→ Activity
Below are the records; copy exactly the stretch from the line containing "using witness_non_neighbours_correct that" through the line containing "simple_graph E \<and>", both ends included, and nothing else.

→ Dataset
(* $R(B_2,B_9) \ge 22$; that is, there exists a graph on $21$ vertices containing no copy of $B_2$ whose complement contains no copy of $B_9$.
   Context: For graphs $G,H$, the Ramsey number $R(G,H)$ is the smallest integer $N$ such that every red/blue coloring of the edges of $K_N$ contains a red copy of $G$ (as a subgraph, not necessarily induced) or a blue copy of $H$. The book $B_k$ is the graph on $k+2$ vertices consisting of an edge $uv$ together with $k$ further vertices, each adjacent exactly to $u$ and $v$. *)

theory Defs
  imports Main
begin

definition simple_graph :: "('a \<Rightarrow> 'a \<Rightarrow> bool) \<Rightarrow> bool" where
  "simple_graph E \<longleftrightarrow> (\<forall>x y. E x y = E y x) \<and> (\<forall>x. \<not> E x x)"

definition contains_book :: "'a set \<Rightarrow> ('a \<Rightarrow> 'a \<Rightarrow> bool) \<Rightarrow> nat \<Rightarrow> bool" where
  "contains_book V E k \<longleftrightarrow>
     (\<exists>u v W. u \<in> V \<and> v \<in> V \<and> u \<noteq> v \<and> E u v \<and>
        W \<subseteq> V - {u, v} \<and> finite W \<and> card W = k \<and> (\<forall>w\<in>W. E u w \<and> E v w))"

definition graph_complement :: "('a \<Rightarrow> 'a \<Rightarrow> bool) \<Rightarrow> 'a \<Rightarrow> 'a \<Rightarrow> bool" where
  "graph_complement E x y \<longleftrightarrow> x \<noteq> y \<and> \<not> E x y"

end

theory Submission
  imports Defs
begin

text \<open>The lower bound is witnessed by a graph on 21 vertices found by computer search,
  given by adjacency lists, together with the adjacency lists of its complement. A
  graph contains no book B_k as soon as every edge uv has fewer than k common
  neighbours; for the witness and its complement this is a finite check done by
  evaluation over the lists.\<close>

lemma not_contains_book_if_codegree_less:
  assumes adjacency: "\<And>u v. u \<in> set xs \<Longrightarrow> v \<in> set xs \<Longrightarrow> E u v \<longleftrightarrow> v \<in> set (N u)"
    and codegree: "\<forall>u\<in>set xs. \<forall>v\<in>set (N u). length (filter (\<lambda>w. w \<in> set (N v)) (N u)) < k"
  shows "\<not> contains_book (set xs) E k"
proof
  assume "contains_book (set xs) E k"
  then obtain u v W where uv: "u \<in> set xs" "v \<in> set xs" "E u v"
    and W: "W \<subseteq> set xs - {u, v}" "card W = k" "\<forall>w\<in>W. E u w \<and> E v w"
    unfolding contains_book_def by blast
  let ?common = "filter (\<lambda>w. w \<in> set (N v)) (N u)"
  have "W \<subseteq> set ?common"
    using W(1,3) adjacency uv(1,2) by auto
  then have "k \<le> card (set ?common)"
    using W(2) card_mono[OF finite_set] by blast
  also have "\<dots> \<le> length ?common"
    by (rule card_length)
  finally show False
    using codegree uv adjacency by fastforce
qed

definition witness_neighbours :: "nat list list" where
  "witness_neighbours = [[1, 6, 7, 9, 13, 14, 15, 20], [0, 2, 3, 10, 12, 15, 16, 19], [1, 5, 6, 12, 13, 17, 18, 20],
    [1, 5, 6, 8, 9, 14, 16, 18], [5, 6, 9, 10, 12, 15, 16, 20], [2, 3, 4, 7, 13, 14, 15, 19],
    [0, 2, 3, 4, 7, 10, 11, 17], [0, 5, 6, 8, 12, 16, 18, 19], [3, 7, 10, 12, 13, 15, 17, 20],
    [0, 3, 4, 12, 13, 17, 18, 19], [1, 4, 6, 8, 13, 14, 19], [6, 12, 13, 14, 15, 16, 18, 19],
    [1, 2, 4, 7, 8, 9, 11, 14], [0, 2, 5, 8, 9, 10, 11, 16], [0, 3, 5, 10, 11, 12, 20],
    [0, 1, 4, 5, 8, 11, 17, 18], [1, 3, 4, 7, 11, 13, 17, 20], [2, 6, 8, 9, 15, 16, 19],
    [2, 3, 7, 9, 11, 15, 20], [1, 5, 7, 9, 10, 11, 17, 20], [0, 2, 4, 8, 14, 16, 18, 19]]"

definition witness_non_neighbours :: "nat list list" where
  "witness_non_neighbours = [[2, 3, 4, 5, 8, 10, 11, 12, 16, 17, 18, 19], [4, 5, 6, 7, 8, 9, 11, 13, 14, 17, 18, 20], [0, 3, 4, 7, 8, 9, 10, 11, 14, 15, 16, 19],
    [0, 2, 4, 7, 10, 11, 12, 13, 15, 17, 19, 20], [0, 1, 2, 3, 7, 8, 11, 13, 14, 17, 18, 19], [0, 1, 6, 8, 9, 10, 11, 12, 16, 17, 18, 20],
    [1, 5, 8, 9, 12, 13, 14, 15, 16, 18, 19, 20], [1, 2, 3, 4, 9, 10, 11, 13, 14, 15, 17, 20], [0, 1, 2, 4, 5, 6, 9, 11, 14, 16, 18, 19],
    [1, 2, 5, 6, 7, 8, 10, 11, 14, 15, 16, 20], [0, 2, 3, 5, 7, 9, 11, 12, 15, 16, 17, 18, 20], [0, 1, 2, 3, 4, 5, 7, 8, 9, 10, 17, 20],
    [0, 3, 5, 6, 10, 13, 15, 16, 17, 18, 19, 20], [1, 3, 4, 6, 7, 12, 14, 15, 17, 18, 19, 20], [1, 2, 4, 6, 7, 8, 9, 13, 15, 16, 17, 18, 19],
    [2, 3, 6, 7, 9, 10, 12, 13, 14, 16, 19, 20], [0, 2, 5, 6, 8, 9, 10, 12, 14, 15, 18, 19], [0, 1, 3, 4, 5, 7, 10, 11, 12, 13, 14, 18, 20],
    [0, 1, 4, 5, 6, 8, 10, 12, 13, 14, 16, 17, 19], [0, 2, 3, 4, 6, 8, 12, 13, 14, 15, 16, 18], [1, 3, 5, 6, 7, 9, 10, 11, 12, 13, 15, 17]]"

definition witness_graph :: "nat \<Rightarrow> nat \<Rightarrow> bool" where
  "witness_graph x y \<longleftrightarrow> x < 21 \<and> y < 21 \<and> y \<in> set (witness_neighbours ! x)"

lemma simple_graph_witness_graph: "simple_graph witness_graph"
proof -
  have "\<forall>x\<in>set [0..<21]. \<forall>y\<in>set [0..<21]. witness_graph x y = witness_graph y x"
    "\<forall>x\<in>set [0..<21]. \<not> witness_graph x x"
    unfolding witness_graph_def witness_neighbours_def by code_simp+
  then show ?thesis
    unfolding simple_graph_def by (auto simp: witness_graph_def)
qed

lemma witness_graph_B2_free: "\<not> contains_book {0..<21} witness_graph 2"
proof -
  have "\<not> contains_book (set [0..<21]) witness_graph 2"
  proof (rule not_contains_book_if_codegree_less)
    show "\<forall>u\<in>set [0..<21]. \<forall>v\<in>set (witness_neighbours ! u).
        length (filter (\<lambda>w. w \<in> set (witness_neighbours ! v)) (witness_neighbours ! u)) < 2"
      unfolding witness_neighbours_def by code_simp
  qed (simp add: witness_graph_def)
  then show ?thesis by simp
qed

lemma witness_non_neighbours_correct:
  "\<forall>u\<in>set [0..<21]. \<forall>w\<in>set [0..<21].
     w \<in> set (witness_non_neighbours ! u) \<longleftrightarrow> w \<noteq> u \<and> w \<notin> set (witness_neighbours ! u)"
  unfolding witness_neighbours_def witness_non_neighbours_def by code_simp

lemma witness_complement_B9_free:
  "\<not> contains_book {0..<21} (graph_complement witness_graph) 9"
proof -
  have "\<not> contains_book (set [0..<21]) (graph_complement witness_graph) 9"
  proof (rule not_contains_book_if_codegree_less)
    show "\<forall>u\<in>set [0..<21]. \<forall>v\<in>set (witness_non_neighbours ! u).
        length (filter (\<lambda>w. w \<in> set (witness_non_neighbours ! v)) (witness_non_neighbours ! u)) < 9"
      unfolding witness_non_neighbours_def by code_simp
    show "graph_complement witness_graph u v \<longleftrightarrow> v \<in> set (witness_non_neighbours ! u)"
      if "u \<in> set [0..<21]" "v \<in> set [0..<21]" for u v
      using witness_non_neighbours_correct that
      by (auto simp: graph_complement_def witness_graph_def)
  qed
  then show ?thesis by simp
qed

theorem mainTheorem5:
  shows "\<exists>E :: nat \<Rightarrow> nat \<Rightarrow> bool. simple_graph E \<and>
           \<not> contains_book {0..<21} E 2 \<and>
           \<not> contains_book {0..<21} (graph_complement E) 9"
  using simple_graph_witness_graph witness_graph_B2_free witness_complement_B9_free
  by blast

end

→ Problem solution
      using witness_non_neighbours_correct that
      by (auto simp: graph_complement_def witness_graph_def)
  qed
  then show ?thesis by simp
qed

theorem mainTheorem5:
  shows "\<exists>E :: nat \<Rightarrow> nat \<Rightarrow> bool. simple_graph E \<and>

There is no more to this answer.